Mężczyzna, którego oficjalną przyczyną zgonu była niewydolność serca kilka dni przed śmiercią dostał ostrego kaszlu. 36-latek kasłał tak mocno, że dosłownie „wypluł płuca”, a dokładnie kawałek drzewa oskrzelowego.
36-latek zanim stracił przytomność zdołał jeszcze zadzwonić po pomoc. Od razu trafił na oddział intensywnej opieki medycznej w San Francisco Medical Center w Kalifornii. Wstępne diagnozy wskazy, że pacjent cierpiał na niewydolność serca, a do szpitala trafił kilka dni po zabiegu zainstalowania rozrusznika w sercu. Wszystko na to wskazuje, że kardiolodzy, którzy go operowali popełnili błąd, ponieważ 36-latek od kilku dni skarżył się na coraz poważniejsze problemy z oddychaniem i suchy, dokuczliwy kaszel. To właśnie podczas jednego z ataków doszło do tego, że dosłownie „wypluł płuca”!

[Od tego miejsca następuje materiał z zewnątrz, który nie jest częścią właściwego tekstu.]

(* For every integer $n \geq 1$, the number of edges of the finite linear Jaco graph $J_n(x)$ is $$\varepsilon(J_n(x)) \;=\; \sum_{i=1}^{n} \left\lfloor \frac{2(i+1)}{3+\sqrt{5}} \right\rfloor .$$ (Equivalently, the sequence $(\varepsilon(J_n(x)))_{n\ge 1}$ is OEIS sequence A183137 with its $n=0$ term omitted.)
   Context: The finite linear Jaco graph $J_n(x)$ is the simple undirected graph on the vertex set $\{v_1,\dots,v_n\}$ defined as follows. $J_1(x)$ is the single vertex $v_1$. $J_2(x)$ is the single edge $v_1v_2$. For $n \geq 3$, start from the graph on $\{v_1,\dots,v_n\}$ with exactly the two edges $v_1v_2$ and $v_2v_3$. Then, for $i = 3,4,\dots,n-1$ in increasing order, let $d_i$ be the current degree of $v_i$ and add the edges $v_iv_{i+1}, v_iv_{i+2},\dots,v_iv_{i+t}$, where $t$ is the largest integer with $i+t \le n$ such that after adding these edges the degree of $v_i$ is at most $i$ (that is, $t=\max(0,\min(i-d_i,\,n-i))$). The graph obtained after step $i=n-1$ is $J_n(x)$. $\varepsilon(G)$ denotes the number of edges of a graph $G$. *)

theory Defs
  imports Complex_Main
begin

text \<open>Simple undirected graphs on vertices 1..n; an edge is a 2-element set of vertices.\<close>

definition jaco_deg :: "nat set set \<Rightarrow> nat \<Rightarrow> nat" where
  "jaco_deg E v = card {e \<in> E. v \<in> e}"

text \<open>Step i: add edges v_i v_{i+1}, ..., v_i v_{i+t} with t = max 0 (min (i - d_i) (n - i)).
  Natural-number subtraction truncates at 0, which realizes the max with 0.\<close>
definition jaco_step :: "nat \<Rightarrow> nat set set \<Rightarrow> nat \<Rightarrow> nat set set" where
  "jaco_step n E i = E \<union> {{i, j} | j. i < j \<and> j \<le> i + min (i - jaco_deg E i) (n - i)}"

definition jaco_edges :: "nat \<Rightarrow> nat set set" where
  "jaco_edges n =
     (if n \<le> 1 then {}
      else if n = 2 then {{1, 2}}
      else foldl (jaco_step n) {{1, 2}, {2, 3}} [3..<n])"

definition jaco_vertices :: "nat \<Rightarrow> nat set" where
  "jaco_vertices n = {1..n}"

end

theory Submission
  imports Defs
begin

(* Let g = (sqrt 5 - 1) / 2, so that g (1 + g) = 1, and f i = floor ((i + 1) g). As g is irrational,
   f i <= j holds iff i <= j + f j. Consequently, if every vertex v_a before v_k has been joined to
   v_(a+1), ..., v_(min n (a + f a)), then v_k has exactly the k - f k neighbours v_(f k), ..., v_(k-1)
   when its step starts, and the step joins it to v_(k+1), ..., v_(min n (k + f k)). Counting edges
   by their larger end point gives the sum of b - f b, and b - f b is the floor of
   (b + 1)(1 - g) = 2 (b + 1) / (3 + sqrt 5) because (b + 1) g is not an integer. *)

lemma sqrt_5_not_rat: "sqrt 5 \<notin> \<rat>"
proof
  assume "sqrt 5 \<in> \<rat>"
  then obtain m n :: nat where "n \<noteq> 0" and sqrt_5: "\<bar>sqrt 5\<bar> = m / n" and "coprime m n"
    by (rule Rats_abs_nat_div_natE)
  have "real m = sqrt 5 * real n"
    using sqrt_5 \<open>n \<noteq> 0\<close> by (simp add: field_simps)
  then have "(real m)\<^sup>2 = (sqrt 5)\<^sup>2 * (real n)\<^sup>2"
    by (simp add: power_mult_distrib)
  then have "real (m\<^sup>2) = real (5 * n\<^sup>2)"
    by simp
  then have m_sq: "m\<^sup>2 = 5 * n\<^sup>2"
    by (simp only: of_nat_eq_iff)
  have "coprime (m\<^sup>2) (n\<^sup>2)"
    using \<open>coprime m n\<close> by simp
  moreover have "n\<^sup>2 dvd m\<^sup>2"
    using m_sq by simp
  ultimately have "is_unit (n\<^sup>2)"
    by (metis coprime_absorb_right)
  then have "m\<^sup>2 = 5"
    using m_sq by simp
  then have "m\<^sup>2 < 3\<^sup>2"
    by simp
  then have "m < 3"
    by (rule power_less_imp_less_base) simp
  then have "m \<in> {0, 1, 2}"
    by auto
  with \<open>m\<^sup>2 = 5\<close> show False
    by auto
qed

definition golden_inv :: real where
  "golden_inv = (sqrt 5 - 1) / 2"

lemma golden_inv_quadratic: "golden_inv * (1 + golden_inv) = 1"
  unfolding golden_inv_def by (simp add: field_simps)

lemma golden_inv_bounds: "1 / 2 < golden_inv" "golden_inv < 2 / 3"
proof -
  have "2 < sqrt 5"
    by (rule real_less_rsqrt) simp
  moreover have "sqrt 5 < 7 / 3"
    by (rule real_less_lsqrt) (simp_all add: power2_eq_square)
  ultimately show "1 / 2 < golden_inv" "golden_inv < 2 / 3"
    unfolding golden_inv_def by simp_all
qed

lemma of_nat_mult_golden_inv_not_Ints:
  assumes "k > 0"
  shows "real k * golden_inv \<notin> \<int>"
proof
  assume "real k * golden_inv \<in> \<int>"
  then obtain m where m: "real k * golden_inv = of_int m"
    by (elim Ints_cases)
  have "sqrt 5 = (2 * of_int m + real k) / real k"
    using m assms unfolding golden_inv_def by (simp add: field_simps)
  also have "\<dots> \<in> \<rat>"
    by simp
  finally show False
    using sqrt_5_not_rat by simp
qed

definition jaco_fwd :: "nat \<Rightarrow> nat" where
  "jaco_fwd i = nat \<lfloor>real (Suc i) * golden_inv\<rfloor>"

lemma jaco_fwd_le_iff_less: "jaco_fwd i \<le> j \<longleftrightarrow> real (Suc i) * golden_inv < real (Suc j)"
  unfolding jaco_fwd_def by (simp add: nat_le_iff floor_less_iff) linarith

lemma le_add_jaco_fwd_iff_less:
  "i \<le> j + jaco_fwd j \<longleftrightarrow> real (Suc i) < real (Suc j) * (1 + golden_inv)"
proof -
  define x where "x = real (Suc j) * golden_inv"
  have "x \<ge> 0"
    using golden_inv_bounds by (simp add: x_def)
  then have "i \<le> j + jaco_fwd j \<longleftrightarrow> int i - int j \<le> \<lfloor>x\<rfloor>"
    unfolding jaco_fwd_def x_def[symmetric] by linarith
  also have "\<dots> \<longleftrightarrow> real i - real j \<le> x"
    by (simp add: le_floor_iff)
  also have "\<dots> \<longleftrightarrow> real i - real j < x"
  proof -
    have "x \<notin> \<int>"
      unfolding x_def by (rule of_nat_mult_golden_inv_not_Ints) simp
    then have "real i - real j \<noteq> x"
      by (metis Ints_diff Ints_of_nat)
    then show ?thesis
      by auto
  qed
  also have "\<dots> \<longleftrightarrow> real (Suc i) < real (Suc j) * (1 + golden_inv)"
    unfolding x_def by (simp add: algebra_simps)
  finally show ?thesis .
qed

(* A Beatty-type complementarity; both sides say (i + 1) * golden_inv < j + 1. *)
lemma jaco_fwd_le_iff: "jaco_fwd i \<le> j \<longleftrightarrow> i \<le> j + jaco_fwd j"
proof -
  have "real (Suc i) < real (Suc j) * (1 + golden_inv) \<longleftrightarrow>
        real (Suc i) * golden_inv < real (Suc j) * (1 + golden_inv) * golden_inv"
    using golden_inv_bounds by simp
  also have "real (Suc j) * (1 + golden_inv) * golden_inv = real (Suc j)"
    using golden_inv_quadratic by (simp add: mult.commute mult.left_commute)
  finally show ?thesis
    unfolding jaco_fwd_le_iff_less le_add_jaco_fwd_iff_less by simp
qed

lemma jaco_fwd_le: "jaco_fwd i \<le> i"
  using jaco_fwd_le_iff[of i i] by simp

lemma jaco_fwd_small: "jaco_fwd 0 = 0" "jaco_fwd 1 = 1" "jaco_fwd 2 = 1"
proof -
  have "\<lfloor>golden_inv\<rfloor> = 0" "\<lfloor>2 * golden_inv\<rfloor> = 1" "\<lfloor>3 * golden_inv\<rfloor> = 1"
    using golden_inv_bounds by (simp_all add: floor_eq_iff)
  then show "jaco_fwd 0 = 0" "jaco_fwd 1 = 1" "jaco_fwd 2 = 1"
    by (simp_all add: jaco_fwd_def)
qed

(* The edge set when the step of v_k begins. *)
definition jaco_edges_before :: "nat \<Rightarrow> nat \<Rightarrow> nat set set" where
  "jaco_edges_before n k = {{a, b} | a b. a < b \<and> a < k \<and> b \<le> n \<and> b \<le> a + jaco_fwd a}"

lemma jaco_edges_before_doubleton:
  assumes "e \<in> jaco_edges_before n k"
  obtains a b where "e = {a, b}" "a < b"
  using assms unfolding jaco_edges_before_def by blast

lemma doubleton_mem_jaco_edges_before:
  assumes "a < b"
  shows "{a, b} \<in> jaco_edges_before n k \<longleftrightarrow> a < k \<and> b \<le> n \<and> b \<le> a + jaco_fwd a"
  using assms unfolding jaco_edges_before_def by (auto simp: doubleton_eq_iff)

lemma doubleton_mem_jaco_edges_before_backward:
  assumes "a < b"
  shows "{a, b} \<in> jaco_edges_before n k \<longleftrightarrow> a < k \<and> b \<le> n \<and> jaco_fwd b \<le> a"
  using assms by (simp add: doubleton_mem_jaco_edges_before jaco_fwd_le_iff)

lemma jaco_edges_before_mono: "k \<le> k' \<Longrightarrow> jaco_edges_before n k \<subseteq> jaco_edges_before n k'"
  unfolding jaco_edges_before_def by (blast intro: less_le_trans)

lemma jaco_edges_before_incident:
  assumes "k \<le> n"
  shows "{e \<in> jaco_edges_before n k. k \<in> e} = (\<lambda>a. {a, k}) ` {jaco_fwd k..<k}"
proof (intro set_eqI iffI)
  fix e
  assume e: "e \<in> {e \<in> jaco_edges_before n k. k \<in> e}"
  then obtain a b where ab: "e = {a, b}" "a < b"
    by (auto elim: jaco_edges_before_doubleton)
  with e have "b = k" "jaco_fwd k \<le> a"
    by (auto simp: doubleton_mem_jaco_edges_before_backward)
  with ab show "e \<in> (\<lambda>a. {a, k}) ` {jaco_fwd k..<k}"
    by auto
next
  fix e
  assume "e \<in> (\<lambda>a. {a, k}) ` {jaco_fwd k..<k}"
  with assms show "e \<in> {e \<in> jaco_edges_before n k. k \<in> e}"
    by (auto simp: doubleton_mem_jaco_edges_before_backward)
qed

lemma jaco_edges_before_self:
  "jaco_edges_before n n = (\<Union>b\<in>{1..n}. (\<lambda>a. {a, b}) ` {jaco_fwd b..<b})"
proof (intro set_eqI iffI)
  fix e
  assume e: "e \<in> jaco_edges_before n n"
  then obtain a b where ab: "e = {a, b}" "a < b"
    by (rule jaco_edges_before_doubleton)
  with e have "b \<in> {1..n}" "a \<in> {jaco_fwd b..<b}"
    by (auto simp: doubleton_mem_jaco_edges_before_backward)
  with ab show "e \<in> (\<Union>b\<in>{1..n}. (\<lambda>a. {a, b}) ` {jaco_fwd b..<b})"
    by blast
next
  fix e
  assume "e \<in> (\<Union>b\<in>{1..n}. (\<lambda>a. {a, b}) ` {jaco_fwd b..<b})"
  then show "e \<in> jaco_edges_before n n"
    by (auto simp: doubleton_mem_jaco_edges_before_backward)
qed

lemma card_jaco_edges_before_self:
  "card (jaco_edges_before n n) = (\<Sum>b = 1..n. b - jaco_fwd b)"
proof -
  have inj: "inj_on (\<lambda>a. {a, b}) {jaco_fwd b..<b}" for b
    by (auto simp: inj_on_def doubleton_eq_iff)
  have "card (jaco_edges_before n n) = (\<Sum>b = 1..n. card ((\<lambda>a. {a, b}) ` {jaco_fwd b..<b}))"
    unfolding jaco_edges_before_self by (rule card_UN_disjoint) (auto simp: doubleton_eq_iff)
  then show ?thesis
    by (simp add: card_image[OF inj])
qed

lemma jaco_deg_jaco_edges_before:
  assumes "k \<le> n"
  shows "jaco_deg (jaco_edges_before n k) k = k - jaco_fwd k"
proof -
  have "inj_on (\<lambda>a. {a, k}) {jaco_fwd k..<k}"
    by (auto simp: inj_on_def doubleton_eq_iff)
  then show ?thesis
    unfolding jaco_deg_def jaco_edges_before_incident[OF assms] by (simp add: card_image)
qed

lemma jaco_step_jaco_edges_before:
  assumes "k < n"
  shows "jaco_step n (jaco_edges_before n k) k = jaco_edges_before n (Suc k)"
proof -
  have "k - jaco_deg (jaco_edges_before n k) k = jaco_fwd k"
    using assms jaco_deg_jaco_edges_before[of k n] jaco_fwd_le[of k] by simp
  then have "jaco_step n (jaco_edges_before n k) k =
      jaco_edges_before n k \<union> {{k, j} | j. k < j \<and> j \<le> n \<and> j \<le> k + jaco_fwd k}"
    unfolding jaco_step_def using assms by auto
  also have "\<dots> = jaco_edges_before n (Suc k)"
  proof (intro set_eqI iffI)
    fix e
    assume "e \<in> jaco_edges_before n k \<union> {{k, j} | j. k < j \<and> j \<le> n \<and> j \<le> k + jaco_fwd k}"
    then show "e \<in> jaco_edges_before n (Suc k)"
      using jaco_edges_before_mono[of k "Suc k" n] by (auto simp: doubleton_mem_jaco_edges_before)
  next
    fix e
    assume e: "e \<in> jaco_edges_before n (Suc k)"
    then obtain a b where ab: "e = {a, b}" "a < b"
      by (rule jaco_edges_before_doubleton)
    show "e \<in> jaco_edges_before n k \<union> {{k, j} | j. k < j \<and> j \<le> n \<and> j \<le> k + jaco_fwd k}"
      using e ab by (cases "a = k") (auto simp: doubleton_mem_jaco_edges_before)
  qed
  finally show ?thesis .
qed

lemma foldl_jaco_step_jaco_edges_before:
  assumes "m \<le> k" "k \<le> n"
  shows "foldl (jaco_step n) (jaco_edges_before n m) [m..<k] = jaco_edges_before n k"
  using assms
proof (induction k rule: dec_induct)
  case base
  show ?case
    by simp
next
  case (step k)
  then show ?case
    by (simp add: jaco_step_jaco_edges_before)
qed

lemma jaco_edges_before_3:
  assumes "3 \<le> n"
  shows "jaco_edges_before n 3 = {{1, 2}, {2, 3}}"
proof (intro set_eqI iffI)
  fix e
  assume e: "e \<in> jaco_edges_before n 3"
  then obtain a b where ab: "e = {a, b}" "a < b"
    by (rule jaco_edges_before_doubleton)
  with e have "a < 3" "b \<le> a + jaco_fwd a"
    by (simp_all add: doubleton_mem_jaco_edges_before)
  then have "a = 1 \<and> b = 2 \<or> a = 2 \<and> b = 3"
    using ab(2) jaco_fwd_small by (auto simp: less_Suc_eq numeral_eq_Suc)
  with ab show "e \<in> {{1, 2}, {2, 3}}"
    by auto
next
  fix e :: "nat set"
  assume "e \<in> {{1, 2}, {2, 3}}"
  with assms show "e \<in> jaco_edges_before n 3"
    using jaco_fwd_small by (auto simp: doubleton_mem_jaco_edges_before)
qed

lemma jaco_edges_eq_jaco_edges_before: "jaco_edges n = jaco_edges_before n n"
proof (cases "n \<le> 2")
  case True
  then consider "n = 0" | "n = 1" | "n = 2"
    by linarith
  then show ?thesis
  proof cases
    case 3
    then show ?thesis
      using jaco_fwd_small
      by (simp add: jaco_edges_def jaco_edges_before_self numeral_2_eq_2 atLeastAtMostSuc_conv)
  qed (use jaco_fwd_small in \<open>simp_all add: jaco_edges_def jaco_edges_before_self\<close>)
next
  case False
  then show ?thesis
    using foldl_jaco_step_jaco_edges_before[of 3 n n]
    by (simp add: jaco_edges_def jaco_edges_before_3)
qed

lemma floor_of_int_diff_not_Ints:
  fixes x :: "'a :: floor_ceiling"
  assumes "x \<notin> \<int>"
  shows "\<lfloor>of_int k - x\<rfloor> = k - \<lfloor>x\<rfloor> - 1"
proof -
  have "of_int \<lfloor>x\<rfloor> < x"
    using assms by (metis Ints_of_int of_int_floor_le order_le_less)
  then show ?thesis
    by (simp add: floor_eq_iff) linarith
qed

lemma floor_jaco_term: "\<lfloor>2 * (real i + 1) / (3 + sqrt 5)\<rfloor> = int i - int (jaco_fwd i)"
proof -
  define x where "x = real (Suc i) * golden_inv"
  have "0 < 3 + sqrt 5"
    by (simp add: add_pos_nonneg)
  then have "2 / (3 + sqrt 5) = 1 - golden_inv"
    unfolding golden_inv_def by (simp add: field_simps)
  then have "2 * (real i + 1) / (3 + sqrt 5) = (real i + 1) * (1 - golden_inv)"
    by (metis times_divide_eq_right mult.commute)
  also have "\<dots> = of_int (int (Suc i)) - x"
    unfolding x_def by (simp add: algebra_simps)
  finally have "2 * (real i + 1) / (3 + sqrt 5) = of_int (int (Suc i)) - x" .
  moreover have "x \<notin> \<int>"
    unfolding x_def by (rule of_nat_mult_golden_inv_not_Ints) simp
  moreover have "int (jaco_fwd i) = \<lfloor>x\<rfloor>"
    using golden_inv_bounds by (simp add: jaco_fwd_def x_def)
  ultimately show ?thesis
    using floor_of_int_diff_not_Ints[of x "int (Suc i)"] by simp
qed

theorem proposition1:
  fixes n :: nat
  assumes "n \<ge> 1"
  shows "int (card (jaco_edges n)) =
         (\<Sum>i = 1..n. \<lfloor>2 * (real i + 1) / (3 + sqrt 5)\<rfloor>)"
proof -
  have "int (card (jaco_edges n)) = (\<Sum>i = 1..n. int (i - jaco_fwd i))"
    by (simp add: jaco_edges_eq_jaco_edges_before card_jaco_edges_before_self of_nat_sum)
  also have "\<dots> = (\<Sum>i = 1..n. \<lfloor>2 * (real i + 1) / (3 + sqrt 5)\<rfloor>)"
    by (intro sum.cong refl) (metis floor_jaco_term jaco_fwd_le of_nat_diff)
  finally show ?thesis .
qed

end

Sprawa została opisana przez magazyn medyczny The New England Journal of Medicine i zaszokowała lekarzy. Opisany 36-latek miał odkrztuszać krew, a w pewnej chwili kasłać tak mocno, że wypluł część prawego drzewa oskrzelowego. Jest to sieć rurek odpowiadających za odprowadzanie powietrza z tchawicy do płuc. Sytuacja wyglądała przerażająco, a lekarze natychmiast zaintubowlai pacjenta wprowadzając rurkę, która miała pomóc mu w oddychaniu i przeprowadzając zabieg bronchoskopii. Niestety tydzień później stan 36-latka dramatycznie się pogorszył, a młody człowiek zmarł w wyniku powikłań związanych z niewydolnością układu krążeniowo-oddechowego.